JR: This is going to seem like a silly question but, he has a limp…
HL: He does have a limp, so far so good…
JR: And which leg is the limp on?
HL: On his right leg.
JR: Do you ever forget which leg is meant to be limpy leg?
HL: No.
JR: It was a silly question.
HL: Well it didn’t exactly fly did it… I wasn’t able to come out with my famous right leg anecdote! Where I do the voices and everything. No, I don’t forget that partly because in my head I make it hurt. It does hurt.
JR: You actually make it hurt?
HL: Yes I do, it does hurt?
JR: You don’t put something in your shoe to make it, er…physically make it hurt?
HL: No, because that would be just a cheap trick. No I actually just, it actually just sort of, I er, er, to me it hurts when I’m doing it.
JR: What kind of pain?
HL: Throbbing, er, er, it throbs.
JR: Did you seek help for that?
HL: Err, no I didn’t
JR: Well I think we’ve established that, you’re stoic!
JR: Let’s have a look at a clip. If you haven’t seen Hugh Laurie in House, where have you been it’s one of the biggest hits on American television and it deserves to be an even bigger hit here than it already is. This is him in his doctors mode…
There is a screen behind and Hugh braces himself to ignore it but when he hears the first words he turns round to look at the screen. It’s not House at all, it’s sketch with Hugh playing a doctor to Stephen Fry’s patient in ABOFL! (Genital Amputation if you want to know!)

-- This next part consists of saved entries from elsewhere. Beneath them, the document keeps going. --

text \<open>The elements of N centralised by Hp modulo A again form an Hp-invariant
  subgroup, which contains A.  (Here we use that N is abelian.)\<close>
lemma central_mod_invariant:
  assumes A: "Hp_invariant A"
  shows "Hp_invariant (central_mod A)" and "A \<subseteq> central_mod A"
proof -
  have As: "subgroup A (Sym \<Omega>)" and AsubN: "A \<subseteq> N"
    and Ai: "\<And>h a. h \<in> Hp \<Longrightarrow> a \<in> A \<Longrightarrow> h \<star> a \<star> iv h \<in> A"
    using A unfolding Hp_invariant_def by auto
  have A_mul: "x \<star> y \<in> A" if "x \<in> A" "y \<in> A" for x y using subgroup.m_closed[OF As that] .
  have A_inv: "iv x \<in> A" if "x \<in> A" for x using subgroup.m_inv_closed[OF As that] .
  let ?C = "central_mod A"
  have CN: "?C \<subseteq> N" unfolding central_mod_def by blast
  have C_one: "\<one> \<in> ?C" unfolding central_mod_def using N_one Hp_S subgroup.one_closed[OF As] by auto
  have C_inv: "iv y \<in> ?C" if y: "y \<in> ?C" for y
  proof -
    have yN: "y \<in> N" and yS: "y \<in> carrier (Sym \<Omega>)" using y CN N_S by auto
    have "h \<star> iv y \<star> iv h \<star> iv (iv y) \<in> A" if h: "h \<in> Hp" for h
    proof -
      have hS: "h \<in> carrier (Sym \<Omega>)" using h Hp_S by blast
      have u: "h \<star> iv y \<star> iv h \<in> N" using N_conj h Hp_G N_inv[OF yN] by blast
      have "h \<star> iv y \<star> iv h \<star> iv (iv y) = y \<star> (h \<star> iv y \<star> iv h)" using N_comm[OF u yN] yS by simp
      also have "\<dots> = iv (h \<star> y \<star> iv h \<star> iv y)" using hS yS by (simp add: mul_assoc_rev S.inv_mult_group)
      finally show ?thesis using A_inv y h unfolding central_mod_def by auto
    qed
    thus ?thesis unfolding central_mod_def using N_inv[OF yN] by blast
  qed
  have C_mul: "y1 \<star> y2 \<in> ?C" if y1: "y1 \<in> ?C" and y2: "y2 \<in> ?C" for y1 y2
  proof -
    have yN: "y1 \<in> N" "y2 \<in> N" and yS: "y1 \<in> carrier (Sym \<Omega>)" "y2 \<in> carrier (Sym \<Omega>)"
      using y1 y2 CN N_S by auto
    have "h \<star> (y1 \<star> y2) \<star> iv h \<star> iv (y1 \<star> y2) \<in> A" if h: "h \<in> Hp" for h
    proof -
      have hS: "h \<in> carrier (Sym \<Omega>)" using h Hp_S by blast
      have c1: "h \<star> y1 \<star> iv h \<star> iv y1 \<in> A" and c2: "h \<star> y2 \<star> iv h \<star> iv y2 \<in> A"
        using y1 y2 h unfolding central_mod_def by auto
      have "h \<star> (y1 \<star> y2) \<star> iv h \<star> iv (y1 \<star> y2)
          = (h \<star> y1 \<star> iv h \<star> iv y1) \<star> (y1 \<star> (h \<star> y2 \<star> iv h \<star> iv y2) \<star> iv y1)"
        using hS yS by (simp add: mul_assoc_rev S.inv_mult_group)
      also have "y1 \<star> (h \<star> y2 \<star> iv h \<star> iv y2) = (h \<star> y2 \<star> iv h \<star> iv y2) \<star> y1"
        using N_comm[OF yN(1)] c2 AsubN by blast
      finally show ?thesis using A_mul[OF c1 c2] c2 hS yS AsubN N_S by (auto simp: mul_assoc_rev)
    qed
    thus ?thesis unfolding central_mod_def using N_mul[OF yN] by blast
  qed
  have C_conj: "g \<star> y \<star> iv g \<in> ?C" if g: "g \<in> Hp" and y: "y \<in> ?C" for g y
  proof -
    have yN: "y \<in> N" and yS: "y \<in> carrier (Sym \<Omega>)" using y CN N_S by auto
    have gS: "g \<in> carrier (Sym \<Omega>)" using g Hp_S by blast
    have "h \<star> (g \<star> y \<star> iv g) \<star> iv h \<star> iv (g \<star> y \<star> iv g) \<in> A" if h: "h \<in> Hp" for h
    proof -
      have hS: "h \<in> carrier (Sym \<Omega>)" using h Hp_S by blast
      have c1: "(h \<star> g) \<star> y \<star> iv (h \<star> g) \<star> iv y \<in> A" and c2: "g \<star> y \<star> iv g \<star> iv y \<in> A"
        using y Hp_mul[OF h g] g unfolding central_mod_def by auto
      have "h \<star> (g \<star> y \<star> iv g) \<star> iv h \<star> iv (g \<star> y \<star> iv g)
          = ((h \<star> g) \<star> y \<star> iv (h \<star> g) \<star> iv y) \<star> iv (g \<star> y \<star> iv g \<star> iv y)"
        using hS gS yS by (simp add: mul_assoc_rev S.inv_mult_group)
      thus ?thesis using A_mul[OF c1 A_inv[OF c2]] by simp
    qed
    moreover have "g \<star> y \<star> iv g \<in> N" using N_conj g Hp_G yN by blast
    ultimately show ?thesis unfolding central_mod_def by blast
  qed
  have "subgroup ?C (Sym \<Omega>)"
    by (rule S.subgroupI) (use CN N_S C_one C_inv C_mul in auto)
  thus "Hp_invariant ?C" unfolding Hp_invariant_def using CN C_conj by blast
  show "A \<subseteq> ?C"
  proof
    fix a assume a: "a \<in> A"
    have "h \<star> a \<star> iv h \<star> iv a \<in> A" if "h \<in> Hp" for h using A_mul[OF Ai[OF that a] A_inv[OF a]] .
    thus "a \<in> ?C" unfolding central_mod_def using a AsubN by blast
  qed
qed

text \<open>Since N is abelian, the generator n^-1 h^-1 n h of [N,G] equals
  h^-1 n h n^-1, a commutator of n with h^-1 in the form used above.\<close>
lemma commutator_swap:
  assumes n: "n \<in> N" and h: "h \<in> G"
  shows "iv n \<star> iv h \<star> n \<star> h = iv h \<star> n \<star> h \<star> iv n"
proof -
  have hS: "h \<in> carrier (Sym \<Omega>)" using h G_S by blast
  have nS: "n \<in> carrier (Sym \<Omega>)" using n N_S by blast
  have "iv n \<star> iv h \<star> n \<star> h = iv n \<star> (iv h \<star> n \<star> h)" using hS nS by (simp add: mul_assoc_rev)
  also have "\<dots> = (iv h \<star> n \<star> h) \<star> iv n" using N_comm[OF N_inv[OF n] N_conj'[OF h n]] .
  finally show ?thesis .
qed
lemma fps_pderiv_alt_egf:
  assumes "appell A"
  shows "fps_pderiv (alt_egf A) = - (fps_X * alt_egf A)"
proof (rule fps_ext)
  fix n
  show "fps_nth (fps_pderiv (alt_egf A)) n = fps_nth (- (fps_X * alt_egf A)) n"
  proof (cases n)
    case 0
    then show ?thesis using assms by (simp add: fps_pderiv_def alt_egf_def egf_coeff_def appell_def)
  next
    case (Suc k)
    have "pderiv (A (Suc k)) = smult (of_nat (Suc k)) (A k)"
      using assms unfolding appell_def by (metis diff_Suc_1 le_add1 plus_1_eq_Suc)
    then have "fps_nth (fps_pderiv (alt_egf A)) n =
        smult ((-1)^Suc k * (inverse (fact (Suc k)) * of_nat (Suc k))) (A k)"
      by (simp add: Suc fps_pderiv_def alt_egf_def egf_coeff_def pderiv_smult mult.assoc del: of_nat_Suc)
    also have "(-1)^Suc k * (inverse (fact (Suc k)) * of_nat (Suc k)) = - ((-1)^k * inverse (fact k) :: 'a)"
      by (simp add: field_simps del: of_nat_Suc)
    finally show ?thesis
      by (simp add: Suc alt_egf_def egf_coeff_def)
  qed
qed

lemma fps_pderiv_dual_egf:
  assumes "appell A"
  shows "fps_pderiv (dual_egf A) = fps_X * dual_egf A"
proof -
  let ?B = "alt_egf A" and ?E = "dual_egf A"
  have BE: "?B * ?E = 1" by (rule alt_egf_mult_dual_egf[OF assms])
  have "fps_pderiv 1 = (0 :: 'a poly fps)" by (rule fps_ext) (simp add: fps_pderiv_def)
  then have "fps_pderiv (?B * ?E) = 0" by (simp add: BE)
  then have deriv: "?B * fps_pderiv ?E = fps_X * ?B * ?E"
    by (simp add: fps_pderiv_mult fps_pderiv_alt_egf[OF assms] add_eq_0_iff)
  have "fps_pderiv ?E = ?E * (?B * fps_pderiv ?E)"
    by (simp add: BE mult.assoc[symmetric] mult.commute[of ?E])
  also have "\<dots> = fps_X * ?E * (?B * ?E)"
    by (simp only: deriv ac_simps)
  finally show ?thesis by (simp add: BE)
qed

lemma appell_appell_star:
  assumes "appell A"
  shows "appell (appell_star A)"
  unfolding appell_def
proof (intro conjI allI impI)
  show "appell_star A 0 = 1" by (simp add: appell_star_def dual_egf_def)
  fix n :: nat assume "n \<ge> 1"
  then obtain k where n: "n = Suc k" by (cases n) auto
  have "pderiv (fps_nth (dual_egf A) (Suc k)) = fps_nth (dual_egf A) k"
    using arg_cong[OF fps_pderiv_dual_egf[OF assms], of "\<lambda>f. fps_nth f (Suc k)"]
    by (simp add: fps_pderiv_def)
  then show "pderiv (appell_star A n) = smult (of_nat n) (appell_star A (n - 1))"
    by (simp add: n appell_star_def pderiv_smult smult_smult)
qed

lemma conj_partition_replicate_one:
  "conj_partition (replicate n 1) = (if n = 0 then [] else [n])"
proof -
  have "(max (1::nat) ^^ n) 0 = (if n = 0 then 0 else 1)"
    by (induction n) auto
  then show ?thesis by (auto simp: conj_partition_def filter_replicate)
qed

lemma wronskian_appell_Nil: "wronskian_appell A [] = 1"
  by (simp add: wronskian_appell_def wronskian_def vandermonde_def)

lemma wronskian_appell_single: "wronskian_appell A [n] = A n"
  by (simp add: wronskian_appell_def wronskian_def vandermonde_def det_single part_seq_def)

lemma appell_dual_eq_appell_star:
  assumes "appell A"
  shows "appell_dual A = appell_star A"
proof
  fix n
  have "appell_dual A n = wronskian_appell (appell_star A) (conj_partition (replicate n 1))"
    unfolding appell_dual_def
    by (rule wronskian_appell_conj_partition[OF appell_appell_star[OF assms] assms dual_seqs_appell_star[OF assms]])
      (simp add: is_partition_def sorted_wrt_iff_nth_less)
  also have "\<dots> = appell_star A n"
  proof (cases "n = 0")
    case True
    then show ?thesis
      by (simp add: conj_partition_def wronskian_appell_Nil appell_star_def dual_egf_def)
  next
    case False
    then show ?thesis
      using conj_partition_replicate_one[of n] by (simp add: wronskian_appell_single)
  qed
  finally show "appell_dual A n = appell_star A n" .
qed

lemma appell_egf_nth:
  assumes "appell_egf A f"
  shows "fps_nth f k = poly (egf_coeff A k) 0"
proof -
  have "egf_coeff A k = (\<Sum>i=0..k. monom (inverse (fact i)) i * [:fps_nth f (k - i):])"
    using arg_cong[OF conjunct2[OF assms[unfolded appell_egf_def]], of "\<lambda>g. fps_nth g k"]
    by (simp add: fps_mult_nth egf_coeff_def)
  then show ?thesis
    by (simp add: poly_0_coeff_0 coeff_sum coeff_monom_mult not_less sum.atLeast_Suc_atMost[of 0])
qed

lemma appell_egf_appell_star:
  assumes "appell A" and "appell_egf A fA" and "appell_egf (appell_star A) fAs"
  shows "fps_compose fA (- fps_X) * fAs = 1"
proof (rule fps_ext)
  fix m
  have "fps_nth (fps_compose fA (- fps_X) * fAs) m =
      poly (\<Sum>a\<le>m. (-1)^a * egf_coeff A a * egf_coeff (appell_star A) (m - a)) 0"
    using assms(2,3) by (simp add: fps_mult_nth fps_compose_uminus' appell_egf_nth poly_sum atLeast0AtMost)
  then show "fps_nth (fps_compose fA (- fps_X) * fAs) m = fps_nth 1 m"
    using dual_seqs_appell_star[OF assms(1)] by (simp add: dual_seqs_def)
qed

theorem theorem5p5:
  fixes A :: "nat \<Rightarrow> 'a::field_char_0 poly"
  assumes "appell A"
  shows "appell (appell_dual A) \<and>
         (\<forall>lam. is_partition lam \<longrightarrow>
           wronskian_appell (appell_dual A) lam = wronskian_appell A (conj_partition lam)) \<and>
         (\<forall>fA fAs. appell_egf A fA \<and> appell_egf (appell_dual A) fAs \<longrightarrow>
           fAs = inverse (fps_compose fA (- fps_X)))"
proof (intro conjI allI impI)
  have star: "appell_dual A = appell_star A"
    by (rule appell_dual_eq_appell_star[OF assms])
  show "appell (appell_dual A)"
    unfolding star by (rule appell_appell_star[OF assms])
  show "wronskian_appell (appell_dual A) lam = wronskian_appell A (conj_partition lam)"
    if "is_partition lam" for lam
    unfolding star
    by (rule wronskian_appell_conj_partition[OF assms appell_appell_star[OF assms]
          dual_seqs_sym[OF dual_seqs_appell_star[OF assms]] that])
  show "fAs = inverse (fps_compose fA (- fps_X))"
    if "appell_egf A fA \<and> appell_egf (appell_dual A) fAs" for fA fAs
    using that unfolding star
    by (intro fps_inverse_unique[symmetric] appell_egf_appell_star[OF assms]) simp_all
qed

end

JR: How long ago was that?
HL: That was 400 years ago!
JR: Here he is in House..
Clip of House revealing to POTW in S5E01 that she has leprosy – the pretty kind – includes one of my recent favourite Houseisms – don’t tell the girls, they’ll all want to lick your face – unless you’re THAT kind of feminist.
As soon as this starts to play, Hugh hunches down and puts his fingers in his ears.
JR: Hugh Laurie, in the award-winning, hugely successful, as House.
What’s going on with the beard, Hugh. You don’t have the full beard as House, you have the kind of lived-in look.
HL: The lived in look, yeah.
JR: But here you appear to have what appears to be what’s going on to become like a kind of amish person…
HL: Yeah, er, it’s something I wanted to try…I grew it because it was there, er. it’s a mask of manliness.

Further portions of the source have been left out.